# 📅 Day 10: Decision Trees
Learn how to build and visualize a Decision Tree classifier on the Breast Cancer dataset.

## 🎯 Objective
- Understand the concept of Decision Trees
- Train a Decision Tree classifier
- Visualize the trained tree
- Experiment with hyperparameters

## 🌳 What is a Decision Tree?
A Decision Tree is a flow‑chart‑like structure where each internal node represents a decision on a feature, each branch represents an outcome of the decision, and each leaf node represents a class label.

### 🔑 Key Concepts
- **Splitting Criteria**: Gini Impurity (default) or Entropy/Information Gain
- **Overfitting**: Very deep trees may overfit; control with `max_depth`, pruning, etc.
- **Visualization**: Trees are easy to interpret once plotted.

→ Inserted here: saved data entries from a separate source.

lemma NPadj_eq_pair:
  fixes A :: "'m::finite \<Rightarrow> 'n::{finite,linorder} \<Rightarrow> int"
  assumes A: "three_ones A" and "Part A = {}"
  shows "NPadj A = {x0, x0bar}"
proof
  show "NPadj A \<subseteq> {x0, x0bar}"
  proof
    fix x assume x: "x \<in> NPadj A"
    have "x $ Y1 + x $ Y2 \<noteq> 1" using Part_of_NPadj[OF A x] \<open>Part A = {}\<close> by blast
    moreover have "x $ Y1 \<in> {0, 1}" "x $ Y2 \<in> {0, 1}" using x unfolding NPadj_def by blast+
    ultimately consider "x $ Y1 = 0" "x $ Y2 = 0" | "(1 - x) $ Y1 = 0" "(1 - x) $ Y2 = 0" by force
    then show "x \<in> {x0, x0bar}"
    proof cases
      case 1 then show ?thesis using NPadj_eq_x0[OF A x] by simp
    next
      case 2
      then have "1 - x = x0" using NPadj_eq_x0[OF A NPadj_complement[OF x]] by simp
      then have "x = x0bar" unfolding x0bar_def by (simp add: algebra_simps)
      then show ?thesis by simp
    qed
  qed
  show "{x0, x0bar} \<subseteq> NPadj A"
    using x0_mem_NPadj NPadj_complement[OF x0_mem_NPadj] unfolding x0bar_def by blast
qed

lemma adjacent_vertices_convex_hull_pair:
  fixes u v :: "'a::euclidean_space"
  assumes "u \<noteq> v"
  shows "adjacent_vertices (convex hull {u, v}) u v"
  unfolding adjacent_vertices_def face_of_singleton extreme_point_of_convex_hull_2
  using assms by (simp add: face_of_refl aff_dim_convex_hull)

lemma face_of_convex_hull_pair_midpoint:
  fixes u v :: "'a::euclidean_space"
  assumes "convex hull {u, v} face_of S" "p \<in> S" "q \<in> S" "p \<noteq> q" "midpoint p q = midpoint u v"
  shows "p \<in> closed_segment u v"
proof -
  have "midpoint p q \<in> convex hull {u, v}"
    unfolding assms(5) segment_convex_hull[symmetric] by (rule midpoint_in_closed_segment)
  moreover have "midpoint p q \<in> open_segment p q" using assms(4) by simp
  ultimately have "p \<in> convex hull {u, v}" using face_ofD[OF assms(1) _ assms(2,3)] by blast
  then show ?thesis by (simp add: segment_convex_hull)
qed

lemma convex_hull_x0_not_face:
  fixes A :: "'m::finite \<Rightarrow> 'n::{finite,linorder} \<Rightarrow> int"
  assumes z: "z \<in> F1 A"
  shows "\<not> convex hull {x0 :: real ^ 'n coord, x0bar} face_of convex hull (NPadj A)"
proof
  assume face: "convex hull {x0 :: real ^ 'n coord, x0bar} face_of convex hull (NPadj A)"
  have zN: "z \<in> NPadj A" and zY: "z $ Y1 = 0" "z $ Y2 = 1" using z unfolding F1_def by auto
  have "z \<noteq> 1 - z" using zY by (metis diff_zero one_index vector_minus_component zero_neq_one)
  moreover have "midpoint z (1 - z) = midpoint x0 x0bar"
    unfolding midpoint_def x0bar_def by simp
  moreover have "z \<in> convex hull (NPadj A)" "1 - z \<in> convex hull (NPadj A)"
    using zN NPadj_complement[OF zN] by (auto intro: hull_inc)
  ultimately have "z \<in> closed_segment x0 x0bar"
    using face_of_convex_hull_pair_midpoint[OF face] by blast
  then obtain u where "z = (1 - u) *\<^sub>R x0 + u *\<^sub>R x0bar"
    unfolding closed_segment_def by blast
  then have "z $ Y1 = z $ Y2" by simp
  with zY show False by simp
qed

theorem mainTheorem5:
  fixes A :: "'m::finite \<Rightarrow> 'n::{finite,linorder} \<Rightarrow> int"
  assumes "three_ones A"
  shows "(adjacent_vertices (convex hull (NPadj A)) (x0 :: real ^ 'n coord) x0bar \<longleftrightarrow> F1 A = {})
       \<and> (F1 A = {} \<longleftrightarrow> Part A = {})"
proof
  show F1_Part: "F1 A = {} \<longleftrightarrow> Part A = {}" by (rule F1_empty_iff_Part_empty[OF assms])
  show "adjacent_vertices (convex hull (NPadj A)) (x0 :: real ^ 'n coord) x0bar \<longleftrightarrow> F1 A = {}"
  proof
    assume "adjacent_vertices (convex hull (NPadj A)) (x0 :: real ^ 'n coord) x0bar"
    then show "F1 A = {}"
      unfolding adjacent_vertices_def using convex_hull_x0_not_face by blast
  next
    assume "F1 A = {}"
    then have "NPadj A = {x0, x0bar}" using NPadj_eq_pair[OF assms] F1_Part by blast
    then show "adjacent_vertices (convex hull (NPadj A)) (x0 :: real ^ 'n coord) x0bar"
      using adjacent_vertices_convex_hull_pair[OF x0_neq_x0bar] by simp
  qed
qed

end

## 📦 Step 1 – Load & Prepare Data

In [None]:
from sklearn.datasets import load_breast_cancer
from sklearn.model_selection import train_test_split
from sklearn.preprocessing import StandardScaler
import pandas as pd

# Load dataset
data = load_breast_cancer()
df = pd.DataFrame(data.data, columns=data.feature_names)
df['target'] = data.target

# Train‑test split
X = df.drop('target', axis=1)
y = df['target']
X_train, X_test, y_train, y_test = train_test_split(X, y, test_size=0.2, random_state=42, stratify=y)

# Feature scaling
scaler = StandardScaler()
X_train_scaled = scaler.fit_transform(X_train)
X_test_scaled  = scaler.transform(X_test)
df.head()

## 🤖 Step 2 – Train a Decision Tree Classifier

In [None]:
from sklearn.tree import DecisionTreeClassifier
from sklearn.metrics import accuracy_score, classification_report

tree_clf = DecisionTreeClassifier(max_depth=4, random_state=42)
tree_clf.fit(X_train_scaled, y_train)
y_pred = tree_clf.predict(X_test_scaled)

print('Accuracy:', accuracy_score(y_test, y_pred))
print(classification_report(y_test, y_pred, target_names=data.target_names))

## 🖼 Step 3 – Visualize the Decision Tree

In [None]:
from sklearn.tree import plot_tree
import matplotlib.pyplot as plt

plt.figure(figsize=(20, 10))
plot_tree(tree_clf, filled=True, feature_names=data.feature_names, class_names=data.target_names)
plt.show()

## 🔄 Step 4 – Experiment with Hyperparameters

In [None]:
# Try a shallower tree
shallow_tree = DecisionTreeClassifier(max_depth=2, criterion='entropy', random_state=42)
shallow_tree.fit(X_train_scaled, y_train)
shallow_pred = shallow_tree.predict(X_test_scaled)
print('Shallow Tree Accuracy:', accuracy_score(y_test, shallow_pred))

## ✅ Summary
- Decision Trees split data based on feature thresholds.
- Control depth & criteria to manage bias‑variance trade‑off.
- Trees are highly interpretable and form the basis for ensemble methods like Random Forests.